* Activity: Scan the entries below. Return every line that includes "assumes".

[Data entries]
(* Consider the setting in the context. Let $p\in[\bar h]$, $S=S_{\lfloor p/(\bar h-\delta+1)\rfloor}$ (so $i_p\in S$ and $|S|=\bar h-\delta+1$), $b\in[1,u]$, and let $\mathbf{C}$ be any codeword. Then the set of values $\{\sum_{g=0}^{u-1}\theta^{gm}c_{i_pu+g,a}: a\in[l],\ m\in[b]\}$ is determined by the data $\{\sum_{g=0}^{u-1}\theta^{gm}c_{i_pu+g,a},\ \sum_{g=0}^{u-1}\theta^{gm}c_{i_pu+g,a(i_p,a_{i_p}\oplus1)}: a\in[l],\ a|_S\in\mathcal V_0,\ m\in[b]\}$ together with $\{H_{i,i_p}(a,m)=\sum_{g=0}^{u-1}\theta^{gm}c_{i_pu+g,a}+\sum_{g=0}^{u-1}\theta^{gm}c_{i_pu+g,a(i,a_i\oplus1)}: i\in S\setminus\{i_p\},\ a\in[l],\ a|_S\in\mathcal V_0,\ m\in[b]\}$.
   Context: $[N]=\{0,\dots,N-1\}$. Integers: $\bar n$, $u>1$, $\bar k$, $0\le v<u$, $n=\bar nu$, $k=\bar ku+v$, $r=n-k$; $\bar d=\bar k+1$; $\bar h,\delta$ with $\delta\in[1,\bar h)$, $\bar h-\delta+2=2^{\bar m}$ for some integer $\bar m\ge1$, and $(\bar h-\delta+1)\mid\bar h$. $l=2^{\bar n}$. $\mathbb{F}$ is a finite field with $|\mathbb{F}|\ge2n+1$ containing an element $\theta$ of multiplicative order $u$; $\xi$ is a primitive element and $\lambda_{i,j}=\xi^{2i+j}$ for $i\in[\bar n]$, $j\in\{0,1\}$. For $a\in[l]$ write $a=(a_{\bar n-1},\dots,a_0)$ in binary, and $a(i,j)$ is $a$ with its $i$-th bit replaced by $j$; $\oplus$ is addition mod 2. The code $\mathbf{C}$ consists of all $(c_{iu+g,a})_{i\in[\bar n],g\in[u],a\in[l]}$ over $\mathbb{F}$ with $\sum_{i=0}^{\bar n-1}\sum_{g=0}^{u-1}\theta^{gt}\lambda_{i,a_i}^tc_{iu+g,a}=0$ for all $t\in[r]$, $a\in[l]$. $\mathcal F=\{i_0,\dots,i_{\bar h-1}\}\subseteq[\bar n]$ are $\bar h$ distinct racks. $\mathcal V_0\subseteq\mathbb{F}_2^{2^{\bar m}-1}$ is the binary Hamming code of length $2^{\bar m}-1$, i.e. the kernel of a $\bar m\times(2^{\bar m}-1)$ binary matrix whose columns are all the nonzero vectors of $\mathbb{F}_2^{\bar m}$. For $q\in[\bar h/(\bar h-\delta+1))$, $S_q=\{i_{q'}: q'\in[q(\bar h-\delta+1),(q+1)(\bar h-\delta+1))\}$. For $J=\{j_0<\dots<j_{e-1}\}\subseteq[\bar n]$, the puncturing $a|_J=(a_{j_{e-1}},\dots,a_{j_0})\in\mathbb{F}_2^{e}$. *)

theory Defs
  imports Main
begin

text \<open>i-th binary digit of a (a = (a_{n-1},...,a_0)).\<close>
definition bitv :: "nat \<Rightarrow> nat \<Rightarrow> nat" where
  "bitv a i = a div 2 ^ i mod 2"

definition repl_bit :: "nat \<Rightarrow> nat \<Rightarrow> nat \<Rightarrow> nat" where
  "repl_bit a i j = a - bitv a i * 2 ^ i + j * 2 ^ i"

definition flip_bit :: "nat \<Rightarrow> nat \<Rightarrow> nat" where
  "flip_bit a i = repl_bit a i ((bitv a i + 1) mod 2)"

definition lam :: "'a::field \<Rightarrow> nat \<Rightarrow> nat \<Rightarrow> 'a" where
  "lam xi i j = xi ^ (2 * i + j)"

text \<open>Membership in the code C; c (i*u+g) a is the symbol c_{iu+g,a}.\<close>
definition in_code :: "nat \<Rightarrow> nat \<Rightarrow> nat \<Rightarrow> 'a::field \<Rightarrow> 'a \<Rightarrow> (nat \<Rightarrow> nat \<Rightarrow> 'a) \<Rightarrow> bool" where
  "in_code nb u r theta xi c \<longleftrightarrow>
     (\<forall>t<r. \<forall>a<2 ^ nb.
        (\<Sum>i<nb. \<Sum>g<u. theta ^ (g * t) * (lam xi i (bitv a i)) ^ t * c (i * u + g) a) = 0)"

text \<open>Puncturing a|_J: coordinate t (0-based) is a_{j_t}, where j_0 < ... < j_{e-1}.\<close>
definition puncture :: "nat set \<Rightarrow> nat \<Rightarrow> nat \<Rightarrow> nat" where
  "puncture J a = (\<lambda>t. bitv a (sorted_list_of_set J ! t))"

text \<open>Binary Hamming code of length 2^mb - 1: kernel of the mb x (2^mb-1) binary matrix whose
  t-th column is the binary expansion of col t; col is a bijection onto the nonzero vectors
  (numbers 1..2^mb-1). Vectors are 0/1-valued functions on {0..<2^mb-1}.\<close>
definition hamming_code :: "nat \<Rightarrow> (nat \<Rightarrow> nat) \<Rightarrow> (nat \<Rightarrow> nat) set" where
  "hamming_code mb col = {x. \<forall>s<mb. even (\<Sum>t<2 ^ mb - 1. x t * bitv (col t) s)}"

definition S_set :: "(nat \<Rightarrow> nat) \<Rightarrow> nat \<Rightarrow> nat \<Rightarrow> nat \<Rightarrow> nat set" where
  "S_set ind hb delta q = ind ` {q * (hb - delta + 1) ..< (q + 1) * (hb - delta + 1)}"

definition nodesum :: "nat \<Rightarrow> 'a::field \<Rightarrow> (nat \<Rightarrow> nat \<Rightarrow> 'a) \<Rightarrow> nat \<Rightarrow> nat \<Rightarrow> nat \<Rightarrow> 'a" where
  "nodesum u theta c i m a = (\<Sum>g<u. theta ^ (g * m) * c (i * u + g) a)"

end

theory Submission
  imports Defs
begin

(* The binary Hamming code is perfect with covering radius 1: a word either has syndrome 0,
   or its syndrome is some column col t0 of the parity-check matrix and flipping coordinate t0
   makes it a codeword. Hence either a|_S lies in V_0, or a = a'(j, a'_j + 1) for some j in S
   with a'|_S in V_0. In the latter case the value at a is read off the data at a': directly
   if j = i_p, and otherwise as H_{j,i_p}(a', m) minus the value at a'. *)

lemma bitv_eq_of_bool_bit: "bitv a i = of_bool (bit a i)"
  unfolding bitv_def by (simp add: bit_iff_odd odd_iff_mod_2_eq_one)

lemma flip_bit_eq_Bit_Operations_flip_bit: "Defs.flip_bit a j = Bit_Operations.flip_bit j a"
proof -
  have "Bit_Operations.flip_bit j a = a - of_bool (bit a j) * 2 ^ j + of_bool (\<not> bit a j) * 2 ^ j"
  proof (cases "bit a j")
    case True
    then have "a = Bit_Operations.set_bit j (unset_bit j a)"
      by (auto intro!: bit_eqI simp: bit_set_bit_iff bit_unset_bit_iff)
    also have "\<dots> = unset_bit j a + 2 ^ j"
      by (simp add: set_bit_eq bit_unset_bit_iff)
    finally show ?thesis using True by (simp add: flip_bit_eq_if)
  qed (simp add: flip_bit_eq_if set_bit_eq)
  then show ?thesis
    unfolding Defs.flip_bit_def repl_bit_def bitv_eq_of_bool_bit by simp
qed

lemma bitv_flip_bit: "bitv (Defs.flip_bit a j) i = (if i = j then 1 - bitv a i else bitv a i)"
  unfolding flip_bit_eq_Bit_Operations_flip_bit bitv_eq_of_bool_bit by (auto simp: bit_flip_bit_iff)

lemma flip_bit_flip_bit [simp]: "Defs.flip_bit (Defs.flip_bit a j) j = a"
  unfolding flip_bit_eq_Bit_Operations_flip_bit by (rule bit_eqI) (auto simp: bit_flip_bit_iff)

lemma flip_bit_less_power: "a < 2 ^ n \<Longrightarrow> j < n \<Longrightarrow> Defs.flip_bit a j < 2 ^ n"
  unfolding flip_bit_eq_Bit_Operations_flip_bit
  by (metis take_bit_flip_bit_eq take_bit_nat_eq_self_iff not_le)

definition hamming_syndrome :: "nat \<Rightarrow> (nat \<Rightarrow> nat) \<Rightarrow> (nat \<Rightarrow> nat) \<Rightarrow> nat" where
  "hamming_syndrome mb col x =
     horner_sum of_bool 2 (map (\<lambda>s. odd (\<Sum>t<2 ^ mb - 1. x t * bitv (col t) s)) [0..<mb])"

lemma bit_hamming_syndrome_iff:
  "bit (hamming_syndrome mb col x) s \<longleftrightarrow> s < mb \<and> odd (\<Sum>t<2 ^ mb - 1. x t * bitv (col t) s)"
  by (auto simp: hamming_syndrome_def bit_horner_sum_bit_iff)

lemma hamming_syndrome_less: "hamming_syndrome mb col x < 2 ^ mb"
proof -
  have "take_bit mb (hamming_syndrome mb col x) = hamming_syndrome mb col x"
    by (rule bit_eqI) (auto simp: bit_take_bit_iff bit_hamming_syndrome_iff)
  then show ?thesis by (simp add: take_bit_nat_eq_self_iff)
qed

lemma hamming_code_iff_syndrome_eq_0:
  "x \<in> hamming_code mb col \<longleftrightarrow> hamming_syndrome mb col x = 0"
  by (auto simp: hamming_code_def bit_eq_iff bit_hamming_syndrome_iff)

lemma hamming_code_cong:
  assumes "\<And>t. t < 2 ^ mb - 1 \<Longrightarrow> x t = y t"
  shows "x \<in> hamming_code mb col \<longleftrightarrow> y \<in> hamming_code mb col"
proof -
  have "(\<Sum>t<2 ^ mb - 1. x t * bitv (col t) s) = (\<Sum>t<2 ^ mb - 1. y t * bitv (col t) s)" for s
    using assms by (intro sum.cong) auto
  then show ?thesis by (simp add: hamming_code_def)
qed

lemma even_sum_flip_coordinate_iff:
  fixes x f :: "nat \<Rightarrow> nat"
  assumes "finite T" "t0 \<in> T" "x t0 \<le> 1"
  shows "even (\<Sum>t\<in>T. (x(t0 := 1 - x t0)) t * f t)
           \<longleftrightarrow> (even (\<Sum>t\<in>T. x t * f t) \<longleftrightarrow> even (f t0))"
proof -
  define A where "A = (\<Sum>t\<in>T - {t0}. x t * f t)"
  have "(\<Sum>t\<in>T - {t0}. (x(t0 := 1 - x t0)) t * f t) = A"
    unfolding A_def by (rule sum.cong) auto
  then have "(\<Sum>t\<in>T. (x(t0 := 1 - x t0)) t * f t) + (\<Sum>t\<in>T. x t * f t)
      = (1 - x t0) * f t0 + x t0 * f t0 + 2 * A"
    using assms by (simp add: sum.remove A_def)
  also have "\<dots> = f t0 + 2 * A"
    using \<open>x t0 \<le> 1\<close> by (simp flip: add_mult_distrib)
  finally have "even ((\<Sum>t\<in>T. (x(t0 := 1 - x t0)) t * f t) + (\<Sum>t\<in>T. x t * f t))
      \<longleftrightarrow> even (f t0)"
    by simp
  then show ?thesis by auto
qed

lemma hamming_code_covering_radius:
  assumes col: "bij_betw col {..<2 ^ mb - 1} {1..<2 ^ mb}"
    and binary: "\<And>t. t < 2 ^ mb - 1 \<Longrightarrow> x t \<le> 1"
  shows "x \<in> hamming_code mb col \<or> (\<exists>t0<2 ^ mb - 1. x(t0 := 1 - x t0) \<in> hamming_code mb col)"
proof (cases "hamming_syndrome mb col x = 0")
  case True
  then show ?thesis by (simp add: hamming_code_iff_syndrome_eq_0)
next
  case False
  then have "hamming_syndrome mb col x \<in> col ` {..<2 ^ mb - 1}"
    using col hamming_syndrome_less[of mb col x] by (auto simp: bij_betw_def)
  then obtain t0 where t0: "t0 < 2 ^ mb - 1" and syndrome: "col t0 = hamming_syndrome mb col x"
    by auto
  have "even (\<Sum>t<2 ^ mb - 1. (x(t0 := 1 - x t0)) t * bitv (col t) s)" if "s < mb" for s
    using even_sum_flip_coordinate_iff[of "{..<2 ^ mb - 1}" t0 x "\<lambda>t. bitv (col t) s"]
      t0 binary[OF t0] that
    by (simp add: syndrome bitv_eq_of_bool_bit bit_hamming_syndrome_iff)
  then show ?thesis
    using t0 by (auto simp: hamming_code_def)
qed

lemma puncture_le_1: "puncture S a t \<le> 1"
  by (simp add: puncture_def bitv_def)

lemma puncture_flip_bit:
  assumes "finite S" "t0 < card S" "t < card S"
  shows "puncture S (Defs.flip_bit a (sorted_list_of_set S ! t0)) t
           = ((puncture S a)(t0 := 1 - puncture S a t0)) t"
proof -
  have "sorted_list_of_set S ! t = sorted_list_of_set S ! t0 \<longleftrightarrow> t = t0"
    using assms by (simp add: nth_eq_iff_index_eq)
  then show ?thesis by (auto simp: puncture_def bitv_flip_bit)
qed

lemma puncture_near_hamming_code:
  assumes "bij_betw col {..<2 ^ mb - 1} {1..<2 ^ mb}" "finite S" "card S = 2 ^ mb - 1"
  shows "puncture S a \<in> hamming_code mb col
           \<or> (\<exists>j\<in>S. puncture S (Defs.flip_bit a j) \<in> hamming_code mb col)"
proof -
  consider "puncture S a \<in> hamming_code mb col"
    | t0 where "t0 < 2 ^ mb - 1" "(puncture S a)(t0 := 1 - puncture S a t0) \<in> hamming_code mb col"
    using hamming_code_covering_radius[OF assms(1), of "puncture S a"] puncture_le_1 by blast
  then show ?thesis
  proof cases
    case (2 t0)
    then have "sorted_list_of_set S ! t0 \<in> S"
      using assms(2,3) by (metis length_sorted_list_of_set nth_mem set_sorted_list_of_set)
    moreover have "puncture S (Defs.flip_bit a (sorted_list_of_set S ! t0)) \<in> hamming_code mb col"
      using 2 assms(2,3) by (subst hamming_code_cong[OF puncture_flip_bit]) auto
    ultimately show ?thesis by blast
  qed blast
qed

lemma eq_if_eq_on_hamming_code_neighbourhood:
  fixes f f' :: "nat \<Rightarrow> 'a::cancel_semigroup_add"
  assumes col: "bij_betw col {..<2 ^ mb - 1} {1..<2 ^ mb}"
    and S: "S \<subseteq> {..<nb}" "card S = 2 ^ mb - 1"
    and data: "\<forall>a<2 ^ nb. puncture S a \<in> hamming_code mb col
                 \<longrightarrow> f a = f' a \<and> f (Defs.flip_bit a i) = f' (Defs.flip_bit a i)
                   \<and> (\<forall>j \<in> S - {i}. f a + f (Defs.flip_bit a j) = f' a + f' (Defs.flip_bit a j))"
    and a: "a < 2 ^ nb"
  shows "f a = f' a"
proof -
  have "finite S" using S(1) finite_subset by blast
  from puncture_near_hamming_code[OF col this S(2), of a]
  consider "puncture S a \<in> hamming_code mb col"
    | j where "j \<in> S" "puncture S (Defs.flip_bit a j) \<in> hamming_code mb col"
    by blast
  then show ?thesis
  proof cases
    case 1
    then show ?thesis using data a by blast
  next
    case (2 j)
    define a' where "a' = Defs.flip_bit a j"
    have "a' < 2 ^ nb"
      unfolding a'_def using flip_bit_less_power[OF a] 2(1) S(1) by blast
    then have a': "f a' = f' a'" "f (Defs.flip_bit a' i) = f' (Defs.flip_bit a' i)"
      "\<forall>j \<in> S - {i}. f a' + f (Defs.flip_bit a' j) = f' a' + f' (Defs.flip_bit a' j)"
      using data 2(2) unfolding a'_def by blast+
    have a_eq: "Defs.flip_bit a' j = a"
      unfolding a'_def by simp
    show ?thesis
    proof (cases "j = i")
      case True
      then show ?thesis using a'(2) a_eq by simp
    next
      case False
      then have "f a' + f a = f' a' + f' a"
        using a'(3) 2(1) a_eq by auto
      then show ?thesis using a'(1) by simp
    qed
  qed
qed

lemma block_subset_lessThan:
  fixes L h p :: nat
  assumes "L dvd h" "p < h"
  shows "{p div L * L ..< (p div L + 1) * L} \<subseteq> {..<h}"
proof (cases "L = 0")
  case False
  obtain K where h: "h = K * L" using assms(1) by (metis dvd_div_mult_self)
  then have "p div L < K"
    using assms(2) False by (simp add: div_less_iff_less_mult)
  then have "(p div L + 1) * L \<le> h"
    unfolding h by (intro mult_le_mono1) simp
  then show ?thesis by auto
qed simp

theorem lemma5:
  fixes theta xi :: "'a::{field,finite}"
    and nb u kb v n k r hb delta mb p b :: nat
    and ind :: "nat \<Rightarrow> nat"
    and col :: "nat \<Rightarrow> nat"
    and c c' :: "nat \<Rightarrow> nat \<Rightarrow> 'a"
  assumes "u > 1" and "v < u" and "n = nb * u" and "k = kb * u + v" and "r = n - k"
    and "1 \<le> delta" and "delta < hb" and "hb - delta + 2 = 2 ^ mb" and "mb \<ge> 1"
    and "(hb - delta + 1) dvd hb"
    and "card (UNIV :: 'a set) \<ge> 2 * n + 1"
    and "theta ^ u = 1" and "\<forall>j. 0 < j \<and> j < u \<longrightarrow> theta ^ j \<noteq> 1"
    and "\<forall>x::'a. x \<noteq> 0 \<longrightarrow> (\<exists>j. x = xi ^ j)"
    and "inj_on ind {..<hb}" and "ind ` {..<hb} \<subseteq> {..<nb}"
    and "bij_betw col {..<2 ^ mb - 1} {1..<2 ^ mb}"
    and "p < hb"
    and "1 \<le> b" and "b \<le> u"
    and "in_code nb u r theta xi c" and "in_code nb u r theta xi c'"
    and "\<forall>a<2 ^ nb. puncture (S_set ind hb delta (p div (hb - delta + 1))) a \<in> hamming_code mb col
           \<longrightarrow> (\<forall>m<b.
                 nodesum u theta c (ind p) m a = nodesum u theta c' (ind p) m a
               \<and> nodesum u theta c (ind p) m (flip_bit a (ind p))
                   = nodesum u theta c' (ind p) m (flip_bit a (ind p))
               \<and> (\<forall>i \<in> S_set ind hb delta (p div (hb - delta + 1)) - {ind p}.
                    nodesum u theta c (ind p) m a + nodesum u theta c (ind p) m (flip_bit a i)
                  = nodesum u theta c' (ind p) m a + nodesum u theta c' (ind p) m (flip_bit a i)))"
  shows "\<forall>a<2 ^ nb. \<forall>m<b. nodesum u theta c (ind p) m a = nodesum u theta c' (ind p) m a"
proof (intro allI impI)
  fix a m :: nat
  assume a: "a < 2 ^ nb" and m: "m < b"
  define L where "L = hb - delta + 1"
  define S where "S = S_set ind hb delta (p div L)"
  have block: "{p div L * L ..< (p div L + 1) * L} \<subseteq> {..<hb}"
    using block_subset_lessThan assms(10,18) unfolding L_def by blast
  have S_eq: "S = ind ` {p div L * L ..< (p div L + 1) * L}"
    unfolding S_def S_set_def L_def ..
  have "L = 2 ^ mb - 1"
    using assms(8) unfolding L_def by linarith
  then have "card S = 2 ^ mb - 1"
    using card_image[OF inj_on_subset[OF assms(15) block]] unfolding S_eq by simp
  moreover have "S \<subseteq> {..<nb}"
    using block assms(16) unfolding S_eq by blast
  ultimately show "nodesum u theta c (ind p) m a = nodesum u theta c' (ind p) m a"
    using eq_if_eq_on_hamming_code_neighbourhood[OF assms(17), where i = "ind p"
        and f = "\<lambda>a. nodesum u theta c (ind p) m a" and f' = "\<lambda>a. nodesum u theta c' (ind p) m a"]
      assms(23) a m
    unfolding S_def L_def by blast
qed

end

* Problem solution:
  assumes "\<And>t. t < 2 ^ mb - 1 \<Longrightarrow> x t = y t"
  assumes "finite T" "t0 \<in> T" "x t0 \<le> 1"
  assumes col: "bij_betw col {..<2 ^ mb - 1} {1..<2 ^ mb}"
  assumes "finite S" "t0 < card S" "t < card S"
  assumes "bij_betw col {..<2 ^ mb - 1} {1..<2 ^ mb}" "finite S" "card S = 2 ^ mb - 1"
  assumes col: "bij_betw col {..<2 ^ mb - 1} {1..<2 ^ mb}"
  assumes "L dvd h" "p < h"
  assumes "u > 1" and "v < u" and "n = nb * u" and "k = kb * u + v" and "r = n - k"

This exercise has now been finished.